Task instructions:
Please check every line of the listing for "symmetric" and copy each line where it is found.

Input material:
text \<open>
  Write \<open>T\<^sub>n = exp (ln S\<^sub>n / k\<^sub>n)\<close> with \<open>k\<^sub>n = \<lceil>c n\<rceil>\<close>. Passing from \<open>n\<close> to \<open>n + 1\<close> changes
  \<open>k\<^sub>n\<close> by at most one and multiplies the average \<open>S\<^sub>n\<close> of elementary symmetric products by a
  factor between \<open>1/(n + 1)\<close> and \<open>(n + 1)(M + 1)\<close>, where \<open>M\<close> bounds the first \<open>n + 1\<close> digits.
  So if the digits grow at most polynomially, \<open>ln S\<close> changes by \<open>O(log n)\<close>, and if moreover
  \<open>a\<^sub>1 \<cdots> a\<^sub>n \<le> B\<^sup>n\<close> then \<open>ln S\<^sub>n / k\<^sub>n\<close> stays bounded; together
  \<open>|T\<^sub>n - T\<^sub>n\<^sub>+\<^sub>1| = O(log n / n)\<close>.

  Both growth conditions hold almost surely by Borel--Cantelli. The Gauss measure
  \<open>dx/(1 + x)\<close> is invariant under the Gauss map, which gives \<open>P(a\<^sub>i \<ge> m) \<le> 2/m\<close>, and
  integrating over the branches of the Gauss map gives
  \<open>E(\<surd>(a\<^sub>1 \<cdots> a\<^sub>n)) \<le> (2 \<zeta>(3/2))\<^sup>n\<close>, so Markov's inequality applies with \<open>B = (4 \<zeta>(3/2))\<^sup>2\<close>.
\<close>

section \<open>Elementary symmetric polynomials\<close>

definition esym :: "(nat \<Rightarrow> real) \<Rightarrow> nat \<Rightarrow> nat \<Rightarrow> real" where
  "esym a n k = (\<Sum>I\<in>{I. I \<subseteq> {1..n} \<and> card I = k}. \<Prod>i\<in>I. a i)"

lemma finite_subsets_atLeastAtMost: "finite {I. I \<subseteq> {1..n::nat} \<and> card I = k}"
  by (rule finite_subset[of _ "Pow {1..n}"]) auto

lemma esym_0_right [simp]: "esym a n 0 = 1"
proof -
  have "I = {}" if "I \<subseteq> {1..n}" "card I = 0" for I :: "nat set"
    using that finite_subset[OF that(1)] by simp
  then have "{I. I \<subseteq> {1..n} \<and> card I = 0} = {{}}" by auto
  then show ?thesis by (simp add: esym_def)
qed

lemma esym_0_Suc [simp]: "esym a 0 (Suc k) = 0"
  by (simp add: esym_def)

lemma subsets_Suc_card_Suc:
  "{I. I \<subseteq> {1..Suc n} \<and> card I = Suc k} =
     {I. I \<subseteq> {1..n} \<and> card I = Suc k} \<union> insert (Suc n) ` {I. I \<subseteq> {1..n} \<and> card I = k}"
    (is "?L = ?A \<union> insert (Suc n) ` ?B")
proof (intro equalityI subsetI)
  fix I assume I: "I \<in> ?L"
  then have "finite I" using finite_subset[of I "{1..Suc n}"] by auto
  show "I \<in> ?A \<union> insert (Suc n) ` ?B"
  proof (cases "Suc n \<in> I")
    case True
    then have "I - {Suc n} \<in> ?B" "I = insert (Suc n) (I - {Suc n})"
      using I \<open>finite I\<close> by (auto simp: card_Diff_singleton)
    then show ?thesis by blast
  next
    case False
    then show ?thesis using I by (auto simp: le_Suc_eq)
  qed
next
  fix I assume "I \<in> ?A \<union> insert (Suc n) ` ?B"
  then consider "I \<in> ?A" | J where "J \<in> ?B" "I = insert (Suc n) J" by blast
  then show "I \<in> ?L"
  proof cases
    case 2
    then have "finite J" "Suc n \<notin> J" using finite_subset[of J "{1..n}"] by auto
    then show ?thesis using 2 by auto
  qed auto
qed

Exercise solution:
  \<open>k\<^sub>n\<close> by at most one and multiplies the average \<open>S\<^sub>n\<close> of elementary symmetric products by a
section \<open>Elementary symmetric polynomials\<close>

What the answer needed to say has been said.